E così Salvatore Ligresti è finito agli arresti domiciliari.
E agli arresti in carcere sono andate le figlie. Io non so nulla del caso
specifico e non voglio entrare nel merito delle accuse. So solo che Ligresti è
stato il simbolo del potere immobiliare che spadroneggiava a Milano, nella
Milano da bere e riformista. E oggi con sommo orgoglio voglio qui ricordare la
copertina del primo numero di Società Civile che andò in edicola, nel dicembre
1986. Il titolo era “Sottogovernare Milano” e sulla copertina era sbattuta a
piena pagina la faccia di Ligresti, vestito da Palazzo Marino. Un’idea geniale
di Gianni Barbacetto, e un’analisi sua e mia (ah, che coppia!) su chi stesse
impadronendosi della vita cittadina. E poi la ricostruzione (improba) dell’origine
delle sue fortune e della sua ascesa. Fu quella copertina a segnarci da subito
come gli estremisti, i qualunquisti, ecc., perché Milano allora era governata
dalle sinistre e Ligresti dava soldi a tutti, compreso il mensile dei
cosiddetti “miglioristi” milanesi. Come mi ha ricordato l’allora giovanissimo
redattore Paolo Bertaccini, quel numero venne presentato di sera nel teatro di
Krizia (dunque eravamo anche radicalchic…) facendo i salti mortali per rifare
il numero daccapo con il colore verde perché lo avevano stampato con un
terribile azzurro-parrocchia.
Ripeto la data: 1986. Poi negli anni di Tangentopoli parve arrivare la fine del
gruppo. Ma Paternò è Paternò anche a
Milano, e Ligresti da Paternò aveva i suoi protettori politici. Brutta cosa
quando si forma una coscienza civile su certi fenomeni e personaggi e la
giustizia non ti aiuta…Anche perché la politica poi ci mette sempre del suo…

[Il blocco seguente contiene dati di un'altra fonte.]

(* In the $\mathbf N$-agent system described in the context, let $\{\boldsymbol\mu_t^{\mathbf N},\boldsymbol\nu_t^{\mathbf N}\}_{t\ge0}$ be the empirical joint state and action distributions induced by a policy $\boldsymbol\pi=\{\boldsymbol\pi_t\}_{t\ge0}$. Then for every $t\ge0$, $$\mathbb E\big|\boldsymbol\nu_t^{\mathbf N}-\nu^{\mathrm{MF}}(\boldsymbol\mu_t^{\mathbf N},\boldsymbol\pi_t)\big|_1\le\frac1{N_{\mathrm{pop}}}\Big(\sum_{k\in[K]}\sqrt{N_k}\Big)\sqrt{|\mathcal U|}.$$
   Context: Fix $K\ge1$, $N_1,\dots,N_K\ge1$, $[K]=\{1,\dots,K\}$, $N_{\mathrm{pop}}=\sum_kN_k$, finite sets $\mathcal X,\mathcal U$, $\mathcal P(A)$ the probability distributions on $A$, $|\cdot|_1$ the $L_1$ norm. Agent $j\in[N_k]$ of class $k$ has state $x_{j,k}^t\in\mathcal X$ and action $u_{j,k}^t\in\mathcal U$; $\boldsymbol\mu_t^{\mathbf N}(x,k)=\frac1{N_{\mathrm{pop}}}\sum_{j=1}^{N_k}\mathbf 1(x_{j,k}^t=x)$, $\boldsymbol\nu_t^{\mathbf N}(u,k)=\frac1{N_{\mathrm{pop}}}\sum_{j=1}^{N_k}\mathbf 1(u_{j,k}^t=u)$. For each $k$, $P_k:\mathcal X\times\mathcal U\times\mathcal P(\mathcal X\times[K])\times\mathcal P(\mathcal U\times[K])\to\mathcal P(\mathcal X)$ is a transition law. A policy is $\boldsymbol\pi=\{\boldsymbol\pi_t\}_{t\ge0}$, $\boldsymbol\pi_t=(\pi_k^t)_k$, with $\pi_k^t:\mathcal X\times\mathcal P(\mathcal X\times[K])\to\mathcal P(\mathcal U)$. Dynamics: conditioned on all states at time $t$, actions are independent across agents with $u_{j,k}^t\sim\pi_k^t(x_{j,k}^t,\boldsymbol\mu_t^{\mathbf N})$; conditioned on all states and actions at time $t$, next states are independent with $x_{j,k}^{t+1}\sim P_k(x_{j,k}^t,u_{j,k}^t,\boldsymbol\mu_t^{\mathbf N},\boldsymbol\nu_t^{\mathbf N})$. For $\boldsymbol\mu\in\mathcal P(\mathcal X\times[K])$ and decision rules $(\pi_k)_k$: $\nu^{\mathrm{MF}}(\boldsymbol\mu,\boldsymbol\pi)(u,k)=\sum_x\pi_k(x,\boldsymbol\mu)(u)\boldsymbol\mu(x,k)$. *)

theory Defs
  imports "HOL-Probability.Probability"
begin
definition rim :: "nat list \<Rightarrow> cell set" where
  "rim lam = {(i, j) \<in> young lam.
      \<not> ((i, j + 1) \<in> young lam \<and> (i + 1, j) \<in> young lam \<and> (i + 1, j + 1) \<in> young lam)}"

definition lamI :: "nat set \<Rightarrow> nat list" where
  "lamI I = (THE lam. is_partition lam \<and> part lam 1 = part lam 2 \<and> ribbon_of (rim lam) I)"

definition muI :: "nat set \<Rightarrow> nat list" where
  "muI I = (THE mu. is_partition mu \<and> young mu \<subseteq> young (lamI I)
              \<and> young (lamI I) - young mu = rim (lamI I))"

definition sI :: "nat set \<Rightarrow> nat" where
  "sI I = part (lamI I) 1 - 1"

definition NN_coeff :: "nat set \<Rightarrow> nat \<Rightarrow> nat" where
  "NN_coeff I j = (\<Sum>D \<in> {D \<in> excited_diagrams (lamI I) (muI I).
                        card {c \<in> D. fst c = 1} = sI I - j}.
                     \<Prod>c \<in> {c \<in> D. fst c \<noteq> 1}. hook (lamI I) c)"

definition log_concave :: "(nat \<Rightarrow> nat) \<Rightarrow> nat \<Rightarrow> bool" where
  "log_concave x m \<longleftrightarrow> (\<forall>k. 0 < k \<and> k < m \<longrightarrow> x (k - 1) * x (k + 1) \<le> (x k)\<^sup>2)"

end
(* Let $n\ge 1$. The set $\mathcal{DM}(n)$ of all disjoint multilinear interaction expressions in the $n$ variables $x_1,\dots,x_n$ is in one-to-one correspondence with the set $\mathfrak{G}(n)$ of equivalence classes of feature graphs on $n$ nodes under the reachability relation $\sim$; that is, there is a bijection $\mathcal{DM}(n)\to\mathfrak{G}(n)$.
   Context: A predictive model $y(\vec x)$ is a disjoint multilinear interaction expression (DMIE) if it can be written as $y(\vec{x}) = \sum_{i=1}^{k} \prod_{j=1}^{m_i} x_{i_j}$, where $x_{i_j}$ and $x_{k_l}$ are distinct variables whenever $i\neq k$ or $j\neq l$ (each variable occurs in at most one product, at most once). $\mathcal{DM}(n)$ denotes the set of all DMIE expressions of the $n$ variables $x_1,\dots,x_n$ (expressions are regarded as polynomial functions, so reordering factors or summands gives the same expression). A feature graph on $n$ nodes is a simple undirected graph with node set $N_n=\{1,\dots,n\}$, node $i$ corresponding to variable $x_i$; $\mathcal{G}(n)$ is the set of all such graphs. For $G_1,G_2\in\mathcal{G}(n)$, $G_1\sim G_2$ if for all $i,j\in N_n$, $i$ and $j$ are reachable from each other (connected by a path, a node being reachable from itself) in $G_1$ if and only if they are reachable in $G_2$. This is an equivalence relation, and $\mathfrak{G}(n)=\{[G]_\sim : G\in\mathcal{G}(n)\}$. *)

theory Defs
  imports Complex_Main
begin

text \<open>Disjoint multilinear interaction expressions in the variables x_1..x_n,
  regarded as polynomial functions of an assignment x :: nat => real
  (only the values x 1, ..., x n matter).\<close>
definition DM :: "nat \<Rightarrow> ((nat \<Rightarrow> real) \<Rightarrow> real) set" where
  "DM n = {y. \<exists>(k::nat) (m::nat \<Rightarrow> nat) (v::nat \<Rightarrow> nat \<Rightarrow> nat).
      (\<forall>i<k. 1 \<le> m i) \<and>
      inj_on (\<lambda>(i, j). v i j) {(i, j). i < k \<and> j < m i} \<and>
      (\<lambda>(i, j). v i j) ` {(i, j). i < k \<and> j < m i} = {1..n} \<and>
      y = (\<lambda>x. \<Sum>i<k. \<Prod>j<m i. x (v i j))}"

definition feature_graphs :: "nat \<Rightarrow> nat set set set" where
  "feature_graphs n = {E. E \<subseteq> {{i, j} | i j. i \<in> {1..n} \<and> j \<in> {1..n} \<and> i \<noteq> j}}"

definition reachable :: "nat set set \<Rightarrow> nat \<Rightarrow> nat \<Rightarrow> bool" where
  "reachable E i j \<longleftrightarrow> (i, j) \<in> {(a, b). {a, b} \<in> E}\<^sup>*"

definition graph_equiv :: "nat \<Rightarrow> (nat set set \<times> nat set set) set" where
  "graph_equiv n = {(G1, G2). G1 \<in> feature_graphs n \<and> G2 \<in> feature_graphs n \<and>
      (\<forall>i\<in>{1..n}. \<forall>j\<in>{1..n}. reachable G1 i j \<longleftrightarrow> reachable G2 i j)}"

definition graph_classes :: "nat \<Rightarrow> nat set set set set" where
  "graph_classes n = feature_graphs n // graph_equiv n"

end

theory Submission
  imports Defs "HOL-Library.Disjoint_Sets" "HOL-Library.Indicator_Function"
begin
lemma farkas_eliminate:
  fixes x :: 'v
  assumes closed: "\<And>c x y. x \<in> V \<Longrightarrow> y \<in> V \<Longrightarrow> comb c x y \<in> V"
    and a_lin: "\<forall>i<Suc m. comb_linear_on V comb (a i)" and \<phi>_lin: "comb_linear_on V comb \<phi>"
    and IH: "\<And>a \<phi>. \<forall>i<m. comb_linear_on V comb (a i) \<Longrightarrow> comb_linear_on V comb \<phi> \<Longrightarrow>
      farkas_dichotomy V m a \<phi>"
    and x: "x \<in> V" "\<forall>i<m. 0 \<le> a i x" "\<phi> x < 0" "a m x < 0"
  shows "farkas_dichotomy V (Suc m) a \<phi>"
proof -
  \<comment> \<open>Fourier-Motzkin: eliminate the last constraint along x, where it is negative\<close>
  define a' where "a' = (\<lambda>i v. a i v - a i x / a m x * a m v)"
  define \<phi>' where "\<phi>' = (\<lambda>v. \<phi> v - \<phi> x / a m x * a m v)"
  have "farkas_dichotomy V m a' \<phi>'"
  proof (rule IH)
    show "\<forall>i<m. comb_linear_on V comb (a' i)"
      unfolding a'_def using a_lin by (intro allI impI comb_linear_on_diff_scaled) auto
    show "comb_linear_on V comb \<phi>'"
      unfolding \<phi>'_def using a_lin \<phi>_lin by (intro comb_linear_on_diff_scaled) auto
  qed
  from this[unfolded farkas_dichotomy_def] show ?thesis
  proof (elim disjE exE conjE bexE)
    fix y assume y: "\<forall>i<m. 0 \<le> y i" "\<forall>v\<in>V. \<phi>' v = (\<Sum>i<m. y i * a' i v)"
    define ym where "ym = (\<phi> x - (\<Sum>i<m. y i * a i x)) / a m x"
    have "0 \<le> (\<Sum>i<m. y i * a i x)" using y(1) x(2) by (intro sum_nonneg) auto
    then have "0 \<le> ym" using x(3,4) by (simp add: ym_def divide_nonpos_neg)
    moreover have "\<phi> v = (\<Sum>i<m. y i * a i v) + ym * a m v" if "v \<in> V" for v
    proof -
      have "\<phi>' v = (\<Sum>i<m. y i * a i v) - (\<Sum>i<m. y i * a i x) / a m x * a m v"
        using y(2) that by (simp add: a'_def right_diff_distrib sum_subtractf
            sum_distrib_right sum_divide_distrib mult.assoc)
      then show ?thesis by (simp add: \<phi>'_def ym_def diff_divide_distrib algebra_simps)
    qed
    moreover have "(\<Sum>i<m. (y(m := ym)) i * a i v) = (\<Sum>i<m. y i * a i v)" for v
      by (rule sum.cong) auto
    ultimately show ?thesis
      unfolding farkas_dichotomy_def
      using y(1) by (intro disjI1 exI[of _ "y(m := ym)"]) (simp add: less_Suc_eq)
  next
    fix v assume v: "v \<in> V" "\<forall>i<m. 0 \<le> a' i v" "\<phi>' v < 0"
    define v' where "v' = comb (a m v / a m x) v x"
    have "a i v' = a' i v" if "i < Suc m" for i
      using a_lin that v(1) x(1) by (simp add: comb_linear_on_def v'_def a'_def)
    moreover have "a' m v = 0" using x(4) by (simp add: a'_def)
    ultimately have "\<forall>i<Suc m. 0 \<le> a i v'" using v(2) by (simp add: less_Suc_eq)
    moreover have "\<phi> v' = \<phi>' v"
      using \<phi>_lin v(1) x(1) by (simp add: comb_linear_on_def v'_def \<phi>'_def)
    moreover have "v' \<in> V" using closed v(1) x(1) by (simp add: v'_def)
    ultimately show ?thesis
      unfolding farkas_dichotomy_def using v(3) by (intro disjI2 bexI[of _ v']) simp_all
  qed
qed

Per questo saluto con letizia garrula l’approvazione del 416 ter sul voto di
scambio mafioso, finalmente esteso ai casi in cui non ci sia una diretta
consegna di denaro, che sono un’infima percentuale. Ma so anche che l’unanimità
a favore (per ora solo alla Camera) nasce dalla necessità di riscattare lo
stato di vergogna in cui è ancora più precipitata la nostra politica. Dall’indecenza
di uno Stato democratico che per vie non ufficiali, ma in forza di asservimenti
personali, fa i lavori sporchi per una dittatura oscena. Fino alla frase
nauseabonda di Calderoli (bellissima la battuta sul “Fatto”: ‘Quando vedo la
Kienge penso a un orango’. E fu subito amore).
Buona giornata a tutti. Soprattutto alla gloriosa redazione di “Società civile”!